Goal of the exercise. When the string "forall" is part of a line in the data below, report the whole line.

Supplied data.
<<<<

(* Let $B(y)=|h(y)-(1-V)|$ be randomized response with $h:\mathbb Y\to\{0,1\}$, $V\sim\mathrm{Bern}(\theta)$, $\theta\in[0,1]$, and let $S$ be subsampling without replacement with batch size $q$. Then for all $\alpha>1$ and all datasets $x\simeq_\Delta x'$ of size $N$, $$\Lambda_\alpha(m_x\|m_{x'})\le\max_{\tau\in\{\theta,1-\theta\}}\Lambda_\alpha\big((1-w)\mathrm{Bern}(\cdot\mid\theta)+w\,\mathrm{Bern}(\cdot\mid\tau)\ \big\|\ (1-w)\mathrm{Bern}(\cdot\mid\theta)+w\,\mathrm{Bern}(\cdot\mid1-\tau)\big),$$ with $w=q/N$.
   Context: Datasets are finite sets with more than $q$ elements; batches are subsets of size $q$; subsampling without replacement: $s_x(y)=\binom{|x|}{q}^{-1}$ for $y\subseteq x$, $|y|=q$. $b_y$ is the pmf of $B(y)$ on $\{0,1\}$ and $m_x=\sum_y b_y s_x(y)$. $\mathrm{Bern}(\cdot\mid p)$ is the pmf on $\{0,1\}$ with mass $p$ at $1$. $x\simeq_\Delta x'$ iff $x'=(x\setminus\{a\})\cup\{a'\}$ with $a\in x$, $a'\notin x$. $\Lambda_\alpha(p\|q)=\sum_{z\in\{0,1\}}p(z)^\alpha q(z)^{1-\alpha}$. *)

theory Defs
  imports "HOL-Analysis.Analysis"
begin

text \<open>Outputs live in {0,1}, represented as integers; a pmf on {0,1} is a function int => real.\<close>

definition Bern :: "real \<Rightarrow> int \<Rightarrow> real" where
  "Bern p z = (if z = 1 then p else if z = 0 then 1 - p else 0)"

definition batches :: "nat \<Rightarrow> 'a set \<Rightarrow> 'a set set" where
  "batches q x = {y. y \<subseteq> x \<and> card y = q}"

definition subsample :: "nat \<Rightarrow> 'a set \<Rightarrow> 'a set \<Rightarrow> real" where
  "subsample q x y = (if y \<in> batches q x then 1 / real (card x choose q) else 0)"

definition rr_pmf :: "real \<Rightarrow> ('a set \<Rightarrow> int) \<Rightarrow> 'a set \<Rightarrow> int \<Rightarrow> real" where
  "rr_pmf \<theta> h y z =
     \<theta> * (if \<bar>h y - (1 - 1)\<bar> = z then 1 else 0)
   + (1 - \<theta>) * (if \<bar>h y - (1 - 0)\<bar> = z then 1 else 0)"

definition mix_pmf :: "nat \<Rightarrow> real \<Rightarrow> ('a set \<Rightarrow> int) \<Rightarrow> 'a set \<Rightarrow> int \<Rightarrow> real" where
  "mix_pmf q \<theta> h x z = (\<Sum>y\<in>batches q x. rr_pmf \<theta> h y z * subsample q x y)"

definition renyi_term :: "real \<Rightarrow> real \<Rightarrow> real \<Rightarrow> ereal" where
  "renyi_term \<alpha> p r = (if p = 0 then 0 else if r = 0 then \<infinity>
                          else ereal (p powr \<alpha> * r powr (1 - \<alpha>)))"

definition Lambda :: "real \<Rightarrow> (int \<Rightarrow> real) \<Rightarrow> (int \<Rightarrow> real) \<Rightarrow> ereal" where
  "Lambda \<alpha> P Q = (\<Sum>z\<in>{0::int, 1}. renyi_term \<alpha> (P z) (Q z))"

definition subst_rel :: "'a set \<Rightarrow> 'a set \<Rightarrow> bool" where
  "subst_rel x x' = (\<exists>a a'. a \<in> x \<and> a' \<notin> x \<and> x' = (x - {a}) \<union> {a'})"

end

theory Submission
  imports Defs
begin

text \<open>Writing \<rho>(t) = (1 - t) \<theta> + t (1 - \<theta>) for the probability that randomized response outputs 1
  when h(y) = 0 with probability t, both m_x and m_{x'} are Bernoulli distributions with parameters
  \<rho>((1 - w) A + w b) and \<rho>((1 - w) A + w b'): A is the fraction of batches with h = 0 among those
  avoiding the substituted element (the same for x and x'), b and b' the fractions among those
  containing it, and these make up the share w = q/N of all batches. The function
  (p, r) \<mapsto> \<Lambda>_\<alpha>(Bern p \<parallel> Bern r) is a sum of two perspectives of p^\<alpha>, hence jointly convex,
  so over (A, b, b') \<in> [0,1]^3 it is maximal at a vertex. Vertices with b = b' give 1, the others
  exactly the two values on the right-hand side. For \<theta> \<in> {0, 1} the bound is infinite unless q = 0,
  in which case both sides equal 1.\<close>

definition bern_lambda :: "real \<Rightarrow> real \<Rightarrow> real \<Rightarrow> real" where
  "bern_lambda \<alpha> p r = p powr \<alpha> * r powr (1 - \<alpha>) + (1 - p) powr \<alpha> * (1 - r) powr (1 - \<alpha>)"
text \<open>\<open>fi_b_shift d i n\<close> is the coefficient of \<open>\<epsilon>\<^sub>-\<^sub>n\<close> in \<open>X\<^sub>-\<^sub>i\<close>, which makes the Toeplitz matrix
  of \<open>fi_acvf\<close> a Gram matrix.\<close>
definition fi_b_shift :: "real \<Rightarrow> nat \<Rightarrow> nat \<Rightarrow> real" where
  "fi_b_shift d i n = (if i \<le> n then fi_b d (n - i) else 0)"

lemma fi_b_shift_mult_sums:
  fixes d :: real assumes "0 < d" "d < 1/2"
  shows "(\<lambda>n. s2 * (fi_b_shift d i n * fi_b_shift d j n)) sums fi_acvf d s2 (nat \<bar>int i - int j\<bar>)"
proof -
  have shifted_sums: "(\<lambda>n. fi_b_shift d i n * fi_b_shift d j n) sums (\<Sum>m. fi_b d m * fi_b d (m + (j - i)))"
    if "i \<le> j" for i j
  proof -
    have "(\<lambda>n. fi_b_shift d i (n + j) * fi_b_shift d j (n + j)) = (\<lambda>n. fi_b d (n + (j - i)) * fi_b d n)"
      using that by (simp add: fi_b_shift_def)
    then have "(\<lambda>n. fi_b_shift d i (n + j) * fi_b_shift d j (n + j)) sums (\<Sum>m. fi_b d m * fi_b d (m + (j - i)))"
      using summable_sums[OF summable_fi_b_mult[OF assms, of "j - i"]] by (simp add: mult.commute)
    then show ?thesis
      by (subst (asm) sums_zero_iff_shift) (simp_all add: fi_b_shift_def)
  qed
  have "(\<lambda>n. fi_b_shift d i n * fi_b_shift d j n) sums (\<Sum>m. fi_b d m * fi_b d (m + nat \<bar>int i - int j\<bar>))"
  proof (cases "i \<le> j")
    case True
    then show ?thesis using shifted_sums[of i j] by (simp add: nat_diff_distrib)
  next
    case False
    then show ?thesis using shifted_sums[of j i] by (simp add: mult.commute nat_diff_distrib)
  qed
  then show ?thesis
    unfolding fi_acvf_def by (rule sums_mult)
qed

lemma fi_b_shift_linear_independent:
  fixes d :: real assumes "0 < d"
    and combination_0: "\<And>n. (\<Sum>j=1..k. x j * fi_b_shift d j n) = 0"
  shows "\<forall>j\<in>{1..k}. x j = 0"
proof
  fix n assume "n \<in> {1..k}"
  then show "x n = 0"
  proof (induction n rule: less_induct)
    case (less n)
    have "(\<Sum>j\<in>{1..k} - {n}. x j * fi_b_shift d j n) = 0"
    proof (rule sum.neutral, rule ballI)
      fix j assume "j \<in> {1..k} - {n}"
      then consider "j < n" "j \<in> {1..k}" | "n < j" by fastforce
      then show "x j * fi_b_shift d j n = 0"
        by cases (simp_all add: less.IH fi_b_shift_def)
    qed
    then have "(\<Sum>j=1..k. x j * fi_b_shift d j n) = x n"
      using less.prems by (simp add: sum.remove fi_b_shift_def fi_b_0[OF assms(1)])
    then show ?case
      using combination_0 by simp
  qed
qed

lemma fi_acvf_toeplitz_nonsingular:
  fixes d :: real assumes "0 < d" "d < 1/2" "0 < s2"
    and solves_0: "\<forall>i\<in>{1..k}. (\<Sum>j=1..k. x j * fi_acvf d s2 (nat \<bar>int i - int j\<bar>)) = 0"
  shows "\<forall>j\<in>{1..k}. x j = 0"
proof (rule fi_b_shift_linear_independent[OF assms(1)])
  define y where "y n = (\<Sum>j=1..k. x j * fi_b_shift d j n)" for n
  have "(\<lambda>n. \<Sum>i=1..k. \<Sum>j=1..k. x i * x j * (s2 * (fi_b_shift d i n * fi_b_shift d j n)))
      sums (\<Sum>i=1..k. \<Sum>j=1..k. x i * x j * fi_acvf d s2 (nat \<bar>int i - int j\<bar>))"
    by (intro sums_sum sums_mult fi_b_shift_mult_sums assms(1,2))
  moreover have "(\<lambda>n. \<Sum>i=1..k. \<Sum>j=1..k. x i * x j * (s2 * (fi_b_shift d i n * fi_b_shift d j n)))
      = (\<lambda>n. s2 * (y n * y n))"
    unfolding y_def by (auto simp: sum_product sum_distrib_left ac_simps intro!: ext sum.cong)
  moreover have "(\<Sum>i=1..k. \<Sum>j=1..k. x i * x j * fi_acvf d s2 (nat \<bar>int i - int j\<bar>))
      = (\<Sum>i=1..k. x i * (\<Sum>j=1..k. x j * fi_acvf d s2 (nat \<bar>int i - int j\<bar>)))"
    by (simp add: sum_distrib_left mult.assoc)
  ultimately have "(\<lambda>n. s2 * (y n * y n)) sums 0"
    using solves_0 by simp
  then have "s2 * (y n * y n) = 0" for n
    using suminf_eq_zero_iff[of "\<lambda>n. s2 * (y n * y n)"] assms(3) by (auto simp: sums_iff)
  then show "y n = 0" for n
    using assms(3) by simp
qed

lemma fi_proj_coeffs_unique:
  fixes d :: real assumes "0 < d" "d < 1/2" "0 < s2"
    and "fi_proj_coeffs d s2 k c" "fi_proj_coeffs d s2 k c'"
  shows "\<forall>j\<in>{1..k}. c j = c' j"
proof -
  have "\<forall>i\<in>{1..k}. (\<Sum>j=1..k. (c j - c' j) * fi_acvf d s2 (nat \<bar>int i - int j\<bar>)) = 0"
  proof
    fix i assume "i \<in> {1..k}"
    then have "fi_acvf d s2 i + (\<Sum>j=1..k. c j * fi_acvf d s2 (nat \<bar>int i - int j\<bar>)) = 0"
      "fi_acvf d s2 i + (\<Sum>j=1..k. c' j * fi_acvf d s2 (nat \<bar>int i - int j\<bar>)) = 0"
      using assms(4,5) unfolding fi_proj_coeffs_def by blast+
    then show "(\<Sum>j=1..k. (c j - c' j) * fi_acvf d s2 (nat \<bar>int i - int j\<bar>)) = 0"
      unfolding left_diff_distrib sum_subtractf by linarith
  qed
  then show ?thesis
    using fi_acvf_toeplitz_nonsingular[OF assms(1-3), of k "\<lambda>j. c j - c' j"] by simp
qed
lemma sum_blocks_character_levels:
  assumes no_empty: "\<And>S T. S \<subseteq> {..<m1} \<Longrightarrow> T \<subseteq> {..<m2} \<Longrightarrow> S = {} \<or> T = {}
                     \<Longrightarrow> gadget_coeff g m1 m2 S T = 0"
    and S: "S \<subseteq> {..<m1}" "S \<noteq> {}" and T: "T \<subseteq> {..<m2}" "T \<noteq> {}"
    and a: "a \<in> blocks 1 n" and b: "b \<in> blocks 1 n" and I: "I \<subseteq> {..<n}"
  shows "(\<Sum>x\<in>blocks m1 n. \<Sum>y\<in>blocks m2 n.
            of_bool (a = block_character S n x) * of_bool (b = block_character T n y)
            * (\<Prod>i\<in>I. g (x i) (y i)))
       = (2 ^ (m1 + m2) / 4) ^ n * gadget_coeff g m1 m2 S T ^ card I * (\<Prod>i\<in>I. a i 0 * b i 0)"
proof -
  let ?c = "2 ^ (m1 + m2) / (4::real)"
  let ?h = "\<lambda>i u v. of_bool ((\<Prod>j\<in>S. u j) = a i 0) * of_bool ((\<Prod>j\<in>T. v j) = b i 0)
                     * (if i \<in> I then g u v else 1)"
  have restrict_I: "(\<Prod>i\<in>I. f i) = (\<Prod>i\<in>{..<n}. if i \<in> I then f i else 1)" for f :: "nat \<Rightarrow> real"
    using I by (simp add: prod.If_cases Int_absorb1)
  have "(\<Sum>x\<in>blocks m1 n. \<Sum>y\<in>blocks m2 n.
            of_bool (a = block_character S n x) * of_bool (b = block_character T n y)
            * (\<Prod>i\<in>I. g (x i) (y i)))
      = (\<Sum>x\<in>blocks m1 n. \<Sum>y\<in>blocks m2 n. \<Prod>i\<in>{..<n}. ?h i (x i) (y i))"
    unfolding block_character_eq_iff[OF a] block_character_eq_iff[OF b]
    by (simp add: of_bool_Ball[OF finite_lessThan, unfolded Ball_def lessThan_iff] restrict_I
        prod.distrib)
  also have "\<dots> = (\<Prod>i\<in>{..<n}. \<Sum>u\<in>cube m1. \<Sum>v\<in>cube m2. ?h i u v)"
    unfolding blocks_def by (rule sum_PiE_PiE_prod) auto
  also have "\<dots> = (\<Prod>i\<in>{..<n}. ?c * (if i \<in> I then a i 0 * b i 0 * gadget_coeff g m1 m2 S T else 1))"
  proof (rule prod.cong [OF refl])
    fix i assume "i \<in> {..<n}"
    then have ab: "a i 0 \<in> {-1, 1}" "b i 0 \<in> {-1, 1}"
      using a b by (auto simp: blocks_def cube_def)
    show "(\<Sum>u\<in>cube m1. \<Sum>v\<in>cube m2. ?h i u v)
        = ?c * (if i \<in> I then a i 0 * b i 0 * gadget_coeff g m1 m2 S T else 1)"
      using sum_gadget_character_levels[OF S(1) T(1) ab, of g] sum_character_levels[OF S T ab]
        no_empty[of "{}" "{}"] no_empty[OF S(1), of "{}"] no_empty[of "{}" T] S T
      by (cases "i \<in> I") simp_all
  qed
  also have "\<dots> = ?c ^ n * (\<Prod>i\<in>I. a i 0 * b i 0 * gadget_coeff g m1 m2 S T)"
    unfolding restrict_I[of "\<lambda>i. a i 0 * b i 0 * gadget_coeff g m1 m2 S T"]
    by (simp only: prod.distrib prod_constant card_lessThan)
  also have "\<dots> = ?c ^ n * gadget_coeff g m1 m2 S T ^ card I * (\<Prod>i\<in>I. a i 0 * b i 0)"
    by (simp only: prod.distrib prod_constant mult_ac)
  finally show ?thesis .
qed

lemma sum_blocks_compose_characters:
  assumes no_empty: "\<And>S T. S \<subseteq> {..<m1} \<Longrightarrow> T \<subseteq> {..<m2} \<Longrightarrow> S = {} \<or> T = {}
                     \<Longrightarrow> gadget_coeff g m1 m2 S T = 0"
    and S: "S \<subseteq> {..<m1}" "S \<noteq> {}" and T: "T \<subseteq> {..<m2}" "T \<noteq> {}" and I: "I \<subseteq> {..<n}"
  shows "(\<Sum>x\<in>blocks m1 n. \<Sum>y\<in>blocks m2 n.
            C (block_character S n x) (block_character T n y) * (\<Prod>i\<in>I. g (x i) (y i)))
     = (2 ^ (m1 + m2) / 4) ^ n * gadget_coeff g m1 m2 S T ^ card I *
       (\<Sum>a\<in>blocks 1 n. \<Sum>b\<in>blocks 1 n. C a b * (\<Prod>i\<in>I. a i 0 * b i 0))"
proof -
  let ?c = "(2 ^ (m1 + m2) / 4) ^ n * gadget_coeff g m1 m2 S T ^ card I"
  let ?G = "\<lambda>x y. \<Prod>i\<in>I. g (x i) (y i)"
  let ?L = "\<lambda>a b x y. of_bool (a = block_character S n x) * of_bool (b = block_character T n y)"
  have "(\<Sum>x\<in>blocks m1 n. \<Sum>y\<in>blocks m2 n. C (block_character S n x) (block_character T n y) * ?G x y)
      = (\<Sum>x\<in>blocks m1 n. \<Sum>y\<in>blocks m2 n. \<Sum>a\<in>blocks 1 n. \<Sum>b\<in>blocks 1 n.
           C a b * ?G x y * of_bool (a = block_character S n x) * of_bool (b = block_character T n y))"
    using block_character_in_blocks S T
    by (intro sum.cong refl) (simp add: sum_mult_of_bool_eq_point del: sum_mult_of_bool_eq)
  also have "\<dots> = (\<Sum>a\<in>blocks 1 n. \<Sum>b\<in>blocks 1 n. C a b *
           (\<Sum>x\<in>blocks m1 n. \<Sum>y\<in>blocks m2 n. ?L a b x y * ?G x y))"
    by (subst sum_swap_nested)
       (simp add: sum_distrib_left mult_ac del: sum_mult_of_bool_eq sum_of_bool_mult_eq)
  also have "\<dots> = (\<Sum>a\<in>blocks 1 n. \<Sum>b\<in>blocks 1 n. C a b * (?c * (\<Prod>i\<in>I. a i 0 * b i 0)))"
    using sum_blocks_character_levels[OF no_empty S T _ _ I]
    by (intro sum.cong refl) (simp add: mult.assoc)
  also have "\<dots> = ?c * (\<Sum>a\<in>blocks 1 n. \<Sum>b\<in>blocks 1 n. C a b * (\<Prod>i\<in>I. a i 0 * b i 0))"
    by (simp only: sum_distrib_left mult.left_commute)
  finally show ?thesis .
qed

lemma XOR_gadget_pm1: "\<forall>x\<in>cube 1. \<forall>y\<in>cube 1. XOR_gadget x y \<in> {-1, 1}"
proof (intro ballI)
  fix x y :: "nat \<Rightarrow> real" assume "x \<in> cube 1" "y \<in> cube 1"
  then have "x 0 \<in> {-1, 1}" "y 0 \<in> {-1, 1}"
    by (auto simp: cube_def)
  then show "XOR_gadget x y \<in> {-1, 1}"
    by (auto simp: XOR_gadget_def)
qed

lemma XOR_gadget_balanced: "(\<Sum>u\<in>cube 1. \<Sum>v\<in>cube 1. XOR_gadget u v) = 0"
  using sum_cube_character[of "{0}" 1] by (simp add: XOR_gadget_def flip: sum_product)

>>>>

Solved exercise.
  shows "\<forall>j\<in>{1..k}. x j = 0"
    and solves_0: "\<forall>i\<in>{1..k}. (\<Sum>j=1..k. x j * fi_acvf d s2 (nat \<bar>int i - int j\<bar>)) = 0"
  shows "\<forall>j\<in>{1..k}. x j = 0"
  shows "\<forall>j\<in>{1..k}. c j = c' j"
  have "\<forall>i\<in>{1..k}. (\<Sum>j=1..k. (c j - c' j) * fi_acvf d s2 (nat \<bar>int i - int j\<bar>)) = 0"
lemma XOR_gadget_pm1: "\<forall>x\<in>cube 1. \<forall>y\<in>cube 1. XOR_gadget x y \<in> {-1, 1}"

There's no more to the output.